■ Instructions to follow: Produce word for word the lines of the data below running from the one that has "set \<Rightarrow> nat set set \<Rightarrow>" to the one that has "type_synonym ('a,'m) calib", inclusive, and no others.

[Collected data entries]
(* Let $l,m,p,q\in\mathbb{N}$, $f\in\mathrm{Hom}_\Omega([l],[p])$, $g\in\mathrm{Hom}_\Omega([m],[q])$ and let $H\in G[l]$, $K\in G[m]$. Then, for $\varrho\in C(H)$, $\varsigma\in C(K)$, $(f\smile g)_{H\smile K*}(\varrho\smile\varsigma)=f_{H*}(\varrho)\smile g_{K*}(\varsigma)$.
   Context: $\Omega$ is the category of finite ordinals $[l]=\{0,\dots,l-1\}$ and all functions; for $f:[l]\to[p]$, $g:[m]\to[q]$, $f\smile g:[l+m]\to[p+q]$ is $f\smile g(i)=f(i)$ for $i\in[l]$ and $g(i-l)+p$ for $i\in[m]+l$. $G[l]$ is the set of hypergraphs on $[l]$ (sets of non empty subsets of $[l]$), $Gf(H)=\{f(X)\mid X\in H\}$, and $H\smile K=H\cup(K+l)$ with $K+l=\{X+l\mid X\in K\}$. Fix finite additive commutative monoids $\mathsf{A}$, $\mathsf{M}$. For finite $X\subset\mathbb{N}$, $\mathsf{A}^X$ is the monoid of functions $X\to\mathsf{A}$; for $f:X\to Y$, $f_\star(w)(s)=\sum_{r\in X,f(r)=s}w(r)$; for $\varpi:\mathsf{A}^X\to\mathsf{M}$, $f_*(\varpi)(v)=\sum_{w\in\mathsf{A}^X,f_\star(w)=v}\varpi(w)$. A calibration $\varrho\in C(H)$ assigns to each $X\in H$ a function $\varrho_X:\mathsf{A}^X\to\mathsf{M}$. For $f\in\mathrm{Hom}_\Omega([l],[m])$, $f_{H*}:C(H)\to C(Gf(H))$ is $f_{H*}(\varrho)_Y=\sum_{X\in H,f(X)=Y}f|_{X*}(\varrho_X)$. With $t_{Xl}(r)=r-l$ on $X\subset\mathbb{N}+l$, the calibration monadic product is $(\varrho\smile\varsigma)_X=\varrho_X$ for $X\in H$ and $\varsigma_{X-l}\circ t_{Xl\star}$ for $X\in K+l$. *)

theory Defs
  imports Main
begin

definition ordinal :: "nat \<Rightarrow> nat set" where "ordinal l = {..<l}"

text \<open>Morphisms of Omega: functions [l] -> [p] (values outside [l] irrelevant).\<close>
definition omega_hom :: "nat \<Rightarrow> nat \<Rightarrow> (nat \<Rightarrow> nat) \<Rightarrow> bool" where
  "omega_hom l p f \<longleftrightarrow> f ` ordinal l \<subseteq> ordinal p"

definition omega_smile :: "nat \<Rightarrow> nat \<Rightarrow> (nat \<Rightarrow> nat) \<Rightarrow> (nat \<Rightarrow> nat) \<Rightarrow> nat \<Rightarrow> nat" where
  "omega_smile l p f g = (\<lambda>i. if i < l then f i else g (i - l) + p)"

definition hypergraph :: "nat \<Rightarrow> nat set set \<Rightarrow> bool" where
  "hypergraph l H \<longleftrightarrow> (\<forall>X\<in>H. X \<noteq> {} \<and> X \<subseteq> ordinal l)"

definition Gmap :: "(nat \<Rightarrow> nat) \<Rightarrow> nat set set \<Rightarrow> nat set set" where
  "Gmap f H = (\<lambda>X. f ` X) ` H"

definition shift_set :: "nat set \<Rightarrow> nat \<Rightarrow> nat set" where
  "shift_set X l = (\<lambda>r. r + l) ` X"

definition hg_smile :: "nat \<Rightarrow> nat set set \<Rightarrow> nat set set \<Rightarrow> nat set set" where
  "hg_smile l H K = H \<union> (\<lambda>X. shift_set X l) ` K"

text \<open>A^X: functions X -> A, represented as functions nat -> A vanishing outside X.\<close>
definition cube :: "nat set \<Rightarrow> (nat \<Rightarrow> 'a::{comm_monoid_add,finite}) set" where
  "cube X = {w. \<forall>r. r \<notin> X \<longrightarrow> w r = 0}"

definition push_star :: "nat set \<Rightarrow> (nat \<Rightarrow> nat) \<Rightarrow> (nat \<Rightarrow> 'a::{comm_monoid_add,finite}) \<Rightarrow> nat \<Rightarrow> 'a" where
  "push_star X f w = (\<lambda>s. \<Sum>r\<in>{r\<in>X. f r = s}. w r)"

definition push_fun :: "nat set \<Rightarrow> (nat \<Rightarrow> nat) \<Rightarrow> ((nat \<Rightarrow> 'a::{comm_monoid_add,finite}) \<Rightarrow> 'm::{comm_monoid_add,finite})
    \<Rightarrow> (nat \<Rightarrow> 'a) \<Rightarrow> 'm" where
  "push_fun X f \<omega> = (\<lambda>v. \<Sum>w\<in>{w\<in>cube X. push_star X f w = v}. \<omega> w)"

text \<open>Calibrations: assign to each hyperedge X a function A^X -> M
  (only the values at X in H and w in A^X are meaningful).\<close>
type_synonym ('a,'m) calib = "nat set \<Rightarrow> (nat \<Rightarrow> 'a) \<Rightarrow> 'm"

definition calib_push :: "(nat \<Rightarrow> nat) \<Rightarrow> nat set set \<Rightarrow> ('a::{comm_monoid_add,finite},'m::{comm_monoid_add,finite}) calib
    \<Rightarrow> ('a,'m) calib" where
  "calib_push f H \<rho> = (\<lambda>Y. \<lambda>v. \<Sum>X\<in>{X\<in>H. f ` X = Y}. push_fun X f (\<rho> X) v)"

■ Answer to this exercise:
definition hg_smile :: "nat \<Rightarrow> nat set set \<Rightarrow> nat set set \<Rightarrow> nat set set" where
  "hg_smile l H K = H \<union> (\<lambda>X. shift_set X l) ` K"

text \<open>A^X: functions X -> A, represented as functions nat -> A vanishing outside X.\<close>
definition cube :: "nat set \<Rightarrow> (nat \<Rightarrow> 'a::{comm_monoid_add,finite}) set" where
  "cube X = {w. \<forall>r. r \<notin> X \<longrightarrow> w r = 0}"

definition push_star :: "nat set \<Rightarrow> (nat \<Rightarrow> nat) \<Rightarrow> (nat \<Rightarrow> 'a::{comm_monoid_add,finite}) \<Rightarrow> nat \<Rightarrow> 'a" where
  "push_star X f w = (\<lambda>s. \<Sum>r\<in>{r\<in>X. f r = s}. w r)"

definition push_fun :: "nat set \<Rightarrow> (nat \<Rightarrow> nat) \<Rightarrow> ((nat \<Rightarrow> 'a::{comm_monoid_add,finite}) \<Rightarrow> 'm::{comm_monoid_add,finite})
    \<Rightarrow> (nat \<Rightarrow> 'a) \<Rightarrow> 'm" where
  "push_fun X f \<omega> = (\<lambda>v. \<Sum>w\<in>{w\<in>cube X. push_star X f w = v}. \<omega> w)"

text \<open>Calibrations: assign to each hyperedge X a function A^X -> M
  (only the values at X in H and w in A^X are meaningful).\<close>
type_synonym ('a,'m) calib = "nat set \<Rightarrow> (nat \<Rightarrow> 'a) \<Rightarrow> 'm"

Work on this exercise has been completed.